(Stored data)
(* Under the hypotheses of the context (in particular $A$ is $(c_A,\gamma_{sys})$-SED, $B$ is $(c_B,\gamma_{sys})$-SED with $c_A,c_B\ge1$, $K\in\mathcal{K}^\kappa$ is $(c_K,\gamma_{sys})$-SED and $A+BK$ is $(\tau,\rho)$-stable), let $P_i$ solve $P_i = S_i + [K]_{i:}^\top [R]_{ii}[K]_{i:} + (A+BK)^\top P_i (A+BK)$ and define $$H_{i11}=S_i + A^\top P_i A,\quad H_{i12}=A^\top P_i B,\quad H_{i22}=R_i + B^\top P_i B.$$ Then each of $H_{i11}$, $H_{i12}$, $H_{i22}$ is $(c_{H_i},\gamma_{P_i})$-SED away from $i$, where $$c_{H_i}=\max\big(\|S_i\| + N^2 c_A^2 c_{P_i},\; N^2 c_A c_B c_{P_i},\; \|R_i\| + N^2 c_B^2 c_{P_i}\big),$$ with $$c_{P_i} = \frac{\|S_i + [K]_{i:}^\top [R]_{ii}[K]_{i:}\|\,\tau^2}{1-e^{-2\rho}} + 2\big(\|[S]_{ii}\| + \|[R]_{ii}\|c_K^2\big),\qquad \gamma_{P_i} = \frac{\rho\,\gamma_{sys}}{\rho + \ln(N c_A + N^2 c_B c_K)}.$$
   Context: $\|\cdot\|$ denotes the Euclidean norm / induced $\ell_2$ matrix norm. There are $N$ agents $[N]$ on an undirected graph with graph distance $\mathrm{dist}$ ($\mathrm{dist}(i,i)=0$, symmetric, triangle inequality). Agent $i$ has state dimension $n_i$ and input dimension $m_i$, $n=\sum_i n_i$, $m=\sum_i m_i$; matrices are partitioned into blocks $[X]_{lj}$ (rows of agent $l$, columns of agent $j$, using the $n$- or $m$-partition as appropriate); $[X]_{i:}$ is agent $i$'s block row. $A\in\mathbb{R}^{n\times n}$, $B\in\mathbb{R}^{n\times m}$, $\gamma_{sys}>0$, $\kappa\ge1$, $\mathcal{N}_i^\kappa=\{j:\mathrm{dist}(i,j)<\kappa\}$, $\mathcal{K}^\kappa=\{K\in\mathbb{R}^{m\times n}:[K]_{ij}=0 \text{ if } j\notin\mathcal{N}_i^\kappa\}$. $S$, $R$ are block-diagonal with $[S]_{ii}\succeq0$, $[R]_{ii}\succ0$; $S_i$ (resp. $R_i$) is $S$ (resp. $R$) with all blocks except the $(i,i)$ block set to zero. Definitions: $X$ is $(\tau,\rho)$-stable if $\|X^k\|\le\tau e^{-\rho k}$ for all $k\ge0$; $X$ is $(c,\gamma)$-SED if $\|[X]_{lj}\|\le c e^{-\gamma\,\mathrm{dist}(l,j)}$ for all $l,j$; $X$ is $(c,\gamma)$-SED away from $i$ if $\|[X]_{lj}\|\le c e^{-\gamma\max(\mathrm{dist}(i,l),\mathrm{dist}(i,j))}$ for all $l,j$. *)

theory Defs
  imports "HOL-Analysis.Analysis"
begin

text \<open>Matrices are HOL-Analysis matrices; coordinates are partitioned among agents
  (type 'a) by an agent-assignment function for the row index type and one for the
  column index type.\<close>

definition opnorm :: "real^'c^'r \<Rightarrow> real" where
  "opnorm X = onorm (\<lambda>x. X *v x)"

primrec matpow :: "real^'n^'n \<Rightarrow> nat \<Rightarrow> real^'n^'n" where
  "matpow X 0 = mat 1"
| "matpow X (Suc k) = X ** matpow X k"

text \<open>Block (l,j) of X, padded with zeros (the zero padding does not change the
  induced 2-norm).\<close>
definition blk :: "('r \<Rightarrow> 'a) \<Rightarrow> ('c \<Rightarrow> 'a) \<Rightarrow> real^'c^'r \<Rightarrow> 'a \<Rightarrow> 'a \<Rightarrow> real^'c^'r" where
  "blk ra ca X l j = (\<chi> r c. if ra r = l \<and> ca c = j then X $ r $ c else 0)"

definition blkrow :: "('r \<Rightarrow> 'a) \<Rightarrow> real^'c^'r \<Rightarrow> 'a \<Rightarrow> real^'c^'r" where
  "blkrow ra X i = (\<chi> r c. if ra r = i then X $ r $ c else 0)"

definition stable :: "real \<Rightarrow> real \<Rightarrow> real^'n^'n \<Rightarrow> bool" where
  "stable \<tau> \<rho> X \<longleftrightarrow> (\<forall>k::nat. opnorm (matpow X k) \<le> \<tau> * exp (- \<rho> * real k))"

definition SED :: "('a \<Rightarrow> 'a \<Rightarrow> nat) \<Rightarrow> ('r \<Rightarrow> 'a) \<Rightarrow> ('c \<Rightarrow> 'a) \<Rightarrow> real \<Rightarrow> real \<Rightarrow> real^'c^'r \<Rightarrow> bool" where
  "SED d ra ca c \<gamma> X \<longleftrightarrow>
     (\<forall>l j. opnorm (blk ra ca X l j) \<le> c * exp (- \<gamma> * real (d l j)))"

definition SED_away :: "('a \<Rightarrow> 'a \<Rightarrow> nat) \<Rightarrow> ('r \<Rightarrow> 'a) \<Rightarrow> ('c \<Rightarrow> 'a) \<Rightarrow> 'a \<Rightarrow> real \<Rightarrow> real \<Rightarrow> real^'c^'r \<Rightarrow> bool" where
  "SED_away d ra ca i c \<gamma> X \<longleftrightarrow>
     (\<forall>l j. opnorm (blk ra ca X l j) \<le> c * exp (- \<gamma> * real (max (d i l) (d i j))))"

definition in_Kkappa :: "('a \<Rightarrow> 'a \<Rightarrow> nat) \<Rightarrow> ('m \<Rightarrow> 'a) \<Rightarrow> ('n \<Rightarrow> 'a) \<Rightarrow> nat \<Rightarrow> real^'n^'m \<Rightarrow> bool" where
  "in_Kkappa d agu agx \<kappa> K \<longleftrightarrow> (\<forall>r c. \<kappa> \<le> d (agu r) (agx c) \<longrightarrow> K $ r $ c = 0)"

definition block_diag :: "('n \<Rightarrow> 'a) \<Rightarrow> real^'n^'n \<Rightarrow> bool" where
  "block_diag ag X \<longleftrightarrow> (\<forall>r c. ag r \<noteq> ag c \<longrightarrow> X $ r $ c = 0)"

definition block_psd :: "('n \<Rightarrow> 'a) \<Rightarrow> real^'n^'n \<Rightarrow> 'a \<Rightarrow> bool" where
  "block_psd ag X i \<longleftrightarrow>
     (\<forall>r c. ag r = i \<and> ag c = i \<longrightarrow> X $ r $ c = X $ c $ r) \<and>
     (\<forall>x. (\<forall>c. ag c \<noteq> i \<longrightarrow> x $ c = 0) \<longrightarrow> 0 \<le> x \<bullet> (X *v x))"

definition block_pd :: "('n \<Rightarrow> 'a) \<Rightarrow> real^'n^'n \<Rightarrow> 'a \<Rightarrow> bool" where
  "block_pd ag X i \<longleftrightarrow>
     (\<forall>r c. ag r = i \<and> ag c = i \<longrightarrow> X $ r $ c = X $ c $ r) \<and>
     (\<forall>x. (\<forall>c. ag c \<noteq> i \<longrightarrow> x $ c = 0) \<and> x \<noteq> 0 \<longrightarrow> 0 < x \<bullet> (X *v x))"

end

theory Submission
  imports Defs
begin

text \<open>
  Write M = A + BK. Sums of SED matrices add their constants and products multiply them, with
  a factor N from the sum over the intermediate agent, without losing the rate (triangle
  inequality); hence M^k is ((N c_M)^k, gamma_sys)-SED with c_M = c_A + N c_B c_K. Unrolling
  the Lyapunov equation gives P_i = sum_k (M^k)^T Q_i M^k with Q_i = S_i + [K]_i:^T [R]_ii [K]_i:.
  As Q_i only involves agent i, block (l, j) of the k-th term is at most
  (|S_i| + |R_i| c_K^2) (N c_M)^(2k) e^(-gamma_sys (dist(i,l) + dist(i,j))), while by stability
  the whole term has norm at most |Q_i| tau^2 e^(-2 rho k). Cut the series at
  k_0 = ceil(gamma_P D / (2 rho)), D = max(dist(i,l), dist(i,j)): the head is at most twice its
  last term (N c_M >= 2 as soon as D > 0) and the tail at most
  |Q_i| tau^2 e^(-2 rho k_0) / (1 - e^(-2 rho)); gamma_P is the rate for which both are bounded
  by multiples of e^(-gamma_P D). The H blocks sandwich P_i between the SED matrices A and B,
  which keeps the decay away from i, at rate gamma_P <= gamma_sys, at the cost of a factor N^2.
\<close>

section \<open>Operator norm of matrices\<close>

lemma opnorm_nonneg: "0 \<le> opnorm X"
  unfolding opnorm_def by (rule onorm_pos_le) simp

lemma opnorm_mult_vec_le: "norm (X *v x) \<le> opnorm X * norm x"
  unfolding opnorm_def by (rule onorm) simp

lemma opnorm_le: "0 \<le> b \<Longrightarrow> (\<And>x. norm (X *v x) \<le> b * norm x) \<Longrightarrow> opnorm X \<le> b"
  unfolding opnorm_def by (rule onorm_bound)

lemma opnorm_zero [simp]: "opnorm 0 = 0"
  by (simp add: opnorm_def onorm_zero)

lemma opnorm_add: "opnorm (X + Y) \<le> opnorm X + opnorm Y"
  unfolding opnorm_def matrix_vector_mult_add_rdistrib by (rule onorm_triangle) simp_all

lemma opnorm_sum: "opnorm (sum f S) \<le> (\<Sum>s\<in>S. opnorm (f s))"
proof (induction S rule: infinite_finite_induct)
  case (insert s S)
  then show ?case
    using opnorm_add[of "f s" "sum f S"] by simp
qed simp_all

lemma opnorm_mult: "opnorm (X ** Y) \<le> opnorm X * opnorm Y"
proof -
  have "opnorm (X ** Y) = onorm ((\<lambda>x. X *v x) \<circ> (\<lambda>x. Y *v x))"
    by (simp add: opnorm_def o_def matrix_vector_mul_assoc)
  also have "\<dots> \<le> opnorm X * opnorm Y"
    unfolding opnorm_def by (rule onorm_compose) simp_all
  finally show ?thesis .
qed

lemma opnorm_transpose_le: "opnorm (transpose X) \<le> opnorm X"
proof (rule opnorm_le[OF opnorm_nonneg])
  fix x
  let ?y = "transpose X *v x"
  have "norm ?y * norm ?y = (x v* X) \<bullet> ?y"
    by (simp add: vector_transpose_matrix flip: power2_eq_square power2_norm_eq_inner)
  also have "\<dots> = x \<bullet> (X *v ?y)"
    by (rule dot_lmul_matrix)
  also have "\<dots> \<le> norm x * (opnorm X * norm ?y)"
    by (rule order_trans[OF norm_cauchy_schwarz mult_left_mono[OF opnorm_mult_vec_le norm_ge_zero]])
  finally have "norm ?y * norm ?y \<le> (opnorm X * norm x) * norm ?y"
    by (simp only: ac_simps)
  then show "norm ?y \<le> opnorm X * norm x"
    using opnorm_nonneg[of X] by (cases "norm ?y = 0") (simp_all add: mult_le_cancel_right)
qed

lemma opnorm_transpose [simp]: "opnorm (transpose X) = opnorm X"
  using opnorm_transpose_le[of X] opnorm_transpose_le[of "transpose X"] by simp

lemma opnorm_transpose_mult3_le:
  assumes "opnorm X \<le> x" and "opnorm Y \<le> y" and "opnorm Z \<le> z"
  shows "opnorm (transpose X ** Y ** Z) \<le> x * y * z"
proof -
  have "opnorm (transpose X ** Y ** Z) \<le> opnorm (transpose X ** Y) * opnorm Z"
    by (rule opnorm_mult)
  also have "\<dots> \<le> opnorm X * opnorm Y * opnorm Z"
    using opnorm_mult[of "transpose X" Y] by (intro mult_right_mono opnorm_nonneg) simp
  also have "\<dots> \<le> x * y * z"
    using assms opnorm_nonneg[of X] opnorm_nonneg[of Y] opnorm_nonneg[of Z]
    by (intro mult_mono mult_nonneg_nonneg) auto
  finally show ?thesis .
qed

lemma nonneg_if_opnorm_le_mult_exp:
  assumes "opnorm X \<le> c * exp t"
  shows "0 \<le> c"
proof -
  have "0 \<le> c * exp t"
    using order_trans[OF opnorm_nonneg assms] .
  then show ?thesis
    by (simp add: zero_le_mult_iff)
qed

section \<open>Agent blocks\<close>

definition agent_proj :: "('r \<Rightarrow> 'a) \<Rightarrow> 'a \<Rightarrow> real^'r^'r" where
  "agent_proj ag l = (\<chi> r c. if r = c then of_bool (ag r = l) else 0)"

lemma agent_proj_mult_left: "agent_proj ag l ** X = (\<chi> r c. if ag r = l then X $ r $ c else 0)"
  by (simp add: agent_proj_def matrix_matrix_mult_def vec_eq_iff if_distrib if_distribR cong: if_cong)

lemma agent_proj_mult_right: "X ** agent_proj ag l = (\<chi> r c. if ag c = l then X $ r $ c else 0)"
  by (simp add: agent_proj_def matrix_matrix_mult_def vec_eq_iff if_distrib if_distribR cong: if_cong)

lemma opnorm_agent_proj_le: "opnorm (agent_proj ag l) \<le> 1"
proof (rule opnorm_le)
  fix x
  have "agent_proj ag l *v x = (\<chi> r. if ag r = l then x $ r else 0)"
    by (simp add: agent_proj_def matrix_vector_mult_def vec_eq_iff if_distrib if_distribR
        cong: if_cong)
  then show "norm (agent_proj ag l *v x) \<le> 1 * norm x"
    by (auto intro: norm_le_componentwise_cart)
qed simp

lemma transpose_agent_proj [simp]: "transpose (agent_proj ag l) = agent_proj ag l"
  by (auto simp: agent_proj_def transpose_def vec_eq_iff)

lemma agent_proj_mult_agent_proj:
  "agent_proj ag l ** agent_proj ag j = (if l = j then agent_proj ag l else 0)"
  unfolding agent_proj_mult_left by (auto simp: agent_proj_def vec_eq_iff)

lemma agent_proj_idem [simp]: "agent_proj ag l ** agent_proj ag l = agent_proj ag l"
  by (simp add: agent_proj_mult_agent_proj)

lemma mult_agent_proj_idem [simp]: "X ** agent_proj ag l ** agent_proj ag l = X ** agent_proj ag l"
  by (simp flip: matrix_mul_assoc)

lemma sum_agent_proj: "(\<Sum>p\<in>UNIV. agent_proj (ag :: 'r::finite \<Rightarrow> 'a::finite) p) = mat 1"
  by (simp add: agent_proj_def mat_def vec_eq_iff)

lemma blk_eq_agent_proj: "blk ra ca X l j = agent_proj ra l ** X ** agent_proj ca j"
  by (simp add: blk_def agent_proj_mult_left agent_proj_mult_right vec_eq_iff)

lemma blkrow_eq_agent_proj: "blkrow ra X i = agent_proj ra i ** X"
  by (simp add: blkrow_def agent_proj_mult_left vec_eq_iff)

lemma blk_add: "blk ra ca (X + Y) l j = blk ra ca X l j + blk ra ca Y l j"
  by (simp add: blk_def vec_eq_iff)

lemma blk_sum: "blk ra ca (sum f S) l j = (\<Sum>s\<in>S. blk ra ca (f s) l j)"
  by (induction S rule: infinite_finite_induct) (auto simp: blk_add blk_def vec_eq_iff)

lemma blk_transpose: "blk ca ra (transpose X) l j = transpose (blk ra ca X j l)"
  by (simp add: blk_def transpose_def vec_eq_iff)

lemma blk_blk: "blk ra ra (blk ra ra X i i) l j = (if l = i \<and> j = i then blk ra ra X i i else 0)"
  by (auto simp: blk_def vec_eq_iff)

lemma blk_mat1: "blk ag ag (mat 1) l j = (if l = j then agent_proj ag l else 0)"
  by (simp add: blk_eq_agent_proj agent_proj_mult_agent_proj)

lemma opnorm_blk_le: "opnorm (blk ra ca X l j) \<le> opnorm X"
proof -
  have "opnorm (blk ra ca X l j) \<le> opnorm (agent_proj ra l) * opnorm X * opnorm (agent_proj ca j)"
    unfolding blk_eq_agent_proj
    by (meson opnorm_mult opnorm_nonneg mult_right_mono order_trans)
  also have "\<dots> \<le> 1 * opnorm X * 1"
    by (intro mult_mono opnorm_agent_proj_le) (auto simp: opnorm_nonneg)
  finally show ?thesis by simp
qed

- ASSIGNMENT:
Which lines above run from the one containing "0) \<longrightarrow> 0" down to the one containing "last term (N"? Repeat exactly those, both ends included, and nothing else.

- REPLY TO THE EXERCISE:
     (\<forall>x. (\<forall>c. ag c \<noteq> i \<longrightarrow> x $ c = 0) \<longrightarrow> 0 \<le> x \<bullet> (X *v x))"

definition block_pd :: "('n \<Rightarrow> 'a) \<Rightarrow> real^'n^'n \<Rightarrow> 'a \<Rightarrow> bool" where
  "block_pd ag X i \<longleftrightarrow>
     (\<forall>r c. ag r = i \<and> ag c = i \<longrightarrow> X $ r $ c = X $ c $ r) \<and>
     (\<forall>x. (\<forall>c. ag c \<noteq> i \<longrightarrow> x $ c = 0) \<and> x \<noteq> 0 \<longrightarrow> 0 < x \<bullet> (X *v x))"

end

theory Submission
  imports Defs
begin

text \<open>
  Write M = A + BK. Sums of SED matrices add their constants and products multiply them, with
  a factor N from the sum over the intermediate agent, without losing the rate (triangle
  inequality); hence M^k is ((N c_M)^k, gamma_sys)-SED with c_M = c_A + N c_B c_K. Unrolling
  the Lyapunov equation gives P_i = sum_k (M^k)^T Q_i M^k with Q_i = S_i + [K]_i:^T [R]_ii [K]_i:.
  As Q_i only involves agent i, block (l, j) of the k-th term is at most
  (|S_i| + |R_i| c_K^2) (N c_M)^(2k) e^(-gamma_sys (dist(i,l) + dist(i,j))), while by stability
  the whole term has norm at most |Q_i| tau^2 e^(-2 rho k). Cut the series at
  k_0 = ceil(gamma_P D / (2 rho)), D = max(dist(i,l), dist(i,j)): the head is at most twice its
  last term (N c_M >= 2 as soon as D > 0) and the tail at most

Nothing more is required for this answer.